Variation of velocity and plastic strain rate at point A with time: (a) EMF and (b) EMHF

Figure 15 shows the distribution of three principal stresses and three principal strains at point A and point B during the forming processes. The radial stresses are defined as \({\sigma }_{r1}\) and \({\sigma }_{r2}\) and stress along the material thickness direction is defined as \({\sigma }_{t}\). At point A, the maximum principal stress reaches a peak at 155 μs and the principal plastic strain reaches a maximum at the same time. Radial stresses \({\sigma }_{r1}\) and \({\sigma }_{r2}\) are 502.6 MPa and 493.4 MPa, respectively, and the first and second plastic strains are 13.6% and 13.5%, respectively. At point B, the maximum principal stress reaches a peak at 145 μs. Radial stresses \({\sigma }_{r1}\) and \({\sigma }_{r2}\) are 402.3 MPa and 270.9 MPa, respectively, and radial stress \({\sigma }_{r1}\) is much greater than \({\sigma }_{r2}\). Thus, point A is in a state of bidirectional isotensile stress, whereas point B is in a state of bidirectional unequal tensile stress.

Fig. 15

Principal stresses and strains in EMF process: (a and c) point A and (b and d) point B

As shown in Fig. 16a, c, the maximum principal stress at point A reaches a maximum at 1020 μs, and radial stresses σ_r1 and σ_r2 are 388.9 MPa and 377.8 MPa, respectively. However, the absolute value of the three-direction principal plastic strain was still increasing. At 2000 μs, the first and second principal plastic strains are 17.7% and 16.7%. At 1040 μs, radial stresses σ_r1 and σ_r2 at point B reach maximum values of 340.1 MPa and 308.8 MPa, respectively, and the first and second principal plastic strains are 12.1% and 10.7%, respectively. In EMHF, both point A and point B are close to a state of bidirectional isotensile stress.

Fig. 16

Principal stress and strain in EMHF process: (a and c) point A and (b and d) point B

Figure 17a, b show the experimental and simulation results at two different discharge voltages. The results are consistent.
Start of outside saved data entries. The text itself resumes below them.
lemma card_top_marker_Suc_le:
  assumes "Suc d \<le> k - m"
  shows "card (top_marker (Suc d)) \<le> card (top_marker d)"
proof (rule card_inj_on_le)
  show "inj_on (rotate_bits k) (top_marker (Suc d))"
    using inj_on_rotate_bits[OF k_pos] top_marker_subset by (rule inj_on_subset)
  show "rotate_bits k ` top_marker (Suc d) \<subseteq> top_marker d"
  proof
    fix b assume "b \<in> rotate_bits k ` top_marker (Suc d)"
    then obtain a where a: "a \<in> top_marker (Suc d)" and b: "b = rotate_bits k a" by auto
    have "a < 2^k" using a unfolding top_marker_def by auto
    then have shift: "marked q b \<longleftrightarrow> marked (q - 1) a" if "1 \<le> q" "q \<le> k - m" for q
      unfolding b using marked_shift[OF rotate_bits_div_two[OF k_pos]] that by blast
    have "k - m - d - 1 = k - m - Suc d" "1 \<le> k - m - d" using assms by auto
    then have "marked (k - m - d) b" using shift[of "k - m - d"] a unfolding top_marker_def by auto
    moreover have "\<not> marked q b" if "k - m - d < q" "q \<le> k - m" for q
    proof -
      have "k - m - Suc d < q - 1" "q - 1 \<le> k - m" "1 \<le> q" using that assms by auto
      then have "\<not> marked (q - 1) a" using a unfolding top_marker_def by blast
      then show ?thesis using shift[of q] \<open>1 \<le> q\<close> that(2) by blast
    qed
    ultimately show "b \<in> top_marker d"
      using rotate_bits_less[OF k_pos \<open>a < 2^k\<close>] unfolding b top_marker_def by auto
  qed
qed (rule finite_top_marker)

lemma card_top_marker_antimono:
  assumes "d \<le> d'" "d' \<le> k - m"
  shows "card (top_marker d') \<le> card (top_marker d)"
  using assms
proof (induct d' rule: dec_induct)
  case (step d')
  then show ?case using card_top_marker_Suc_le[of d'] by simp
qed simp

lemma top_marker_0: "top_marker 0 = {2^(k-m)..<2^(k-m+1)}"
proof -
  have top_iff: "a \<in> top_marker 0 \<longleftrightarrow> a div 2^(k-m) = 1" if "a < 2^k" for a
  proof -
    have "(2::nat)^k = 2^m * 2^(k-m)" using c_le c_pos by (simp flip: power_add)
    then have "a div 2^(k-m) < 2^m" using that by (simp add: less_mult_imp_div_less)
    then show ?thesis using that unfolding top_marker_def marked_def window_def by auto
  qed
  have ivl_iff: "a div 2^(k-m) = 1 \<longleftrightarrow> a \<in> {2^(k-m)..<2^(k-m+1)}" for a :: nat
  proof -
    have "a div 2^(k-m) = 1 \<longleftrightarrow> 1 \<le> a div 2^(k-m) \<and> a div 2^(k-m) < 2" by linarith
    then show ?thesis by (simp add: less_eq_div_iff_mult_less_eq div_less_iff_less_mult)
  qed
  have "(2::nat)^(k-m+1) \<le> 2^k" using c_le c_pos m_pos by (intro power_increasing) auto
  show ?thesis
  proof (rule equalityI; rule subsetI)
    fix a assume a: "a \<in> top_marker 0"
    then have "a < 2^k" using top_marker_subset by auto
    then have "a div 2^(k-m) = 1" using a top_iff by blast
    then show "a \<in> {2^(k-m)..<2^(k-m+1)}" by (rule iffD1[OF ivl_iff])
  next
    fix a :: nat assume a: "a \<in> {2^(k-m)..<2^(k-m+1)}"
    then have "a < 2^k" using \<open>2^(k-m+1) \<le> 2^k\<close> by auto
    moreover have "a div 2^(k-m) = 1" using a by (rule iffD2[OF ivl_iff])
    ultimately show "a \<in> top_marker 0" using top_iff by blast
  qed
qed
theorem mainTheorem14:
  fixes \<alpha> \<beta> :: "real \<Rightarrow> 'a::topological_space" and A :: "real set"
  assumes "well_defined_scattered_products TYPE('a)"
    and "path \<alpha>" and "path \<beta>"
    and "homotopy_cut_set 0 1 \<alpha> \<beta> A"
  shows "\<exists>B\<subseteq>A. homotopy_cut_set 0 1 \<alpha> \<beta> B \<and>
           \<alpha> ` (B \<inter> {0<..<1}) = \<beta> ` (B \<inter> {0<..<1}) \<and>
           \<alpha> ` (B \<inter> {0<..<1}) \<subseteq> aw"
proof -
  note wd = assms(1) and paths = assms(2,3) and cut = assms(4)
  have A01: "A \<subseteq> {0..1}" and "closed A" and "interior (closure A) = {}" and "0 \<in> A" "1 \<in> A"
    and eqA: "\<And>x. x \<in> A \<Longrightarrow> \<alpha> x = \<beta> x"
    using cut by (auto simp: homotopy_cut_set_def)
  define B where "B = {0, 1} \<union> {x\<in>A. \<not> locally_restr_homotopic \<alpha> \<beta> A x}"
  have "B \<subseteq> A"
    using \<open>0 \<in> A\<close> \<open>1 \<in> A\<close> by (auto simp: B_def)
  have "homotopy_cut_set 0 1 \<alpha> \<beta> B"
    unfolding homotopy_cut_set_def
  proof (intro conjI allI impI ballI)
    show "B \<subseteq> {0..1}"
      using \<open>B \<subseteq> A\<close> A01 by blast
    show "0 \<in> B" "1 \<in> B"
      by (simp_all add: B_def)
    show "\<alpha> x = \<beta> x" if "x \<in> B" for x
      using that \<open>B \<subseteq> A\<close> eqA by blast
    show "closed B"
      unfolding B_def using closed_not_locally_restr_homotopic[OF \<open>closed A\<close> A01 paths] by (intro closed_Un) auto
    show "interior (closure B) = {}"
      using \<open>interior (closure A) = {}\<close> interior_mono[OF closure_mono[OF \<open>B \<subseteq> A\<close>]] by blast
    fix a b
    assume gap: "a < b \<and> {a<..<b} \<in> components ({0..1} - B)"
    then have "a < b" "a \<in> B" "b \<in> B" "{a<..<b} \<inter> B = {}"
      using greaterThanLessThan_in_components_iff[of a b 0 1 B] by auto
    moreover have "locally_restr_homotopic \<alpha> \<beta> A x" if "x \<in> A" "a < x" "x < b" for x
      using \<open>{a<..<b} \<inter> B = {}\<close> that by (auto simp: B_def)
    ultimately have "restr_homotopic \<alpha> \<beta> a b"
      using restr_homotopic_if_locally_inside[OF wd cut paths] \<open>B \<subseteq> A\<close> by blast
    then show "homotopic_paths UNIV (restr_path a b \<alpha>) (restr_path a b \<beta>)"
      unfolding restr_homotopic_def .
  qed
  moreover have "\<alpha> ` (B \<inter> {0<..<1}) = \<beta> ` (B \<inter> {0<..<1})"
    using \<open>B \<subseteq> A\<close> eqA by (intro image_cong) auto
  moreover have "\<alpha> ` (B \<inter> {0<..<1}) \<subseteq> aw"
    using not_locally_restr_homotopic_imp_aw[OF paths A01 eqA] by (force simp: B_def)
  ultimately show ?thesis
    using \<open>B \<subseteq> A\<close> by blast
qed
At a discharge voltage of 4 kV, the maximum error between the experimental and simulation results are 4.9% and 5.6% for EMF and EMHF, respectively. At a discharge voltage of 4.5 kV, the maximum error are 4.1% and 7.4%, respectively. Thus, the numerical simulation method presented in this paper can be used to accurately analyze the dynamic deformation process in EMF and EMHF.

Fig. 17

Comparison of simulation and experimental results: (a) 4 kV and (b) 4.5 kV

As shown in Fig. 18a, b, the deformation shape and equivalent plasticity of sheet were higher in EMHF than that in EMF. Therefore, the plastic dissipation energy of sheet in EMHF is larger than that in EMF. Figure 18c shows plastic energy dissipated during sheet deformation as a function of time. The same equipment was used in EMHF and EMF experiment. The maximum energy storage and capacitance of the EMF system are 200 kJ and 640 μF, respectively. The plastic energy dissipated in EMF and EMHF at a discharge voltage of 4 kV are 86.2 J and 100.8 J, respectively. The plastic energy dissipated in EMF and EMHF at a discharge voltage of 4.5 kV are 108.7 J and 145.5 J, respectively. As the discharge voltage increases, the energy efficiency increases faster in EMHF compared with EMF.

Fig. 18

Plastic strain and energy. (a) Equivalent plastic strain with 4 kV. (b) Equivalent plastic strain with 4.5 kV. (c) Change in plastic dissipation energy with time

4 Conclusions

The present work analyzed the dynamic deformation process of sheet in EMHF and EMF by numerical simulation and experimentally. The main results can be summarized as follows:

1. 1.

   A three-dimensional finite element model was established to analyze the dynamic sheet deformation process in EMF and EMHF. Fluid–solid coupling and the effect of liquid compression on sheet deformation are considered in EMHF. The experimental and simulation results were consistent.

2. 2.

   The deformed sheet profiles in EMF and EMHF are non-uniform conical and uniform semicircular, respectively. The magnetic field force is not evenly distributed on the sheet in the EMF process, whereas the liquid in EMHF can apply pressure more evenly on the surface of the workpiece.

3. 3.

   When the discharge voltage is 4.5 kV, the maximum deformation velocity and strain rate are 70.6 m/s and 2176.8 s⁻¹, respectively. Thus, EMHF is a high-speed forming method.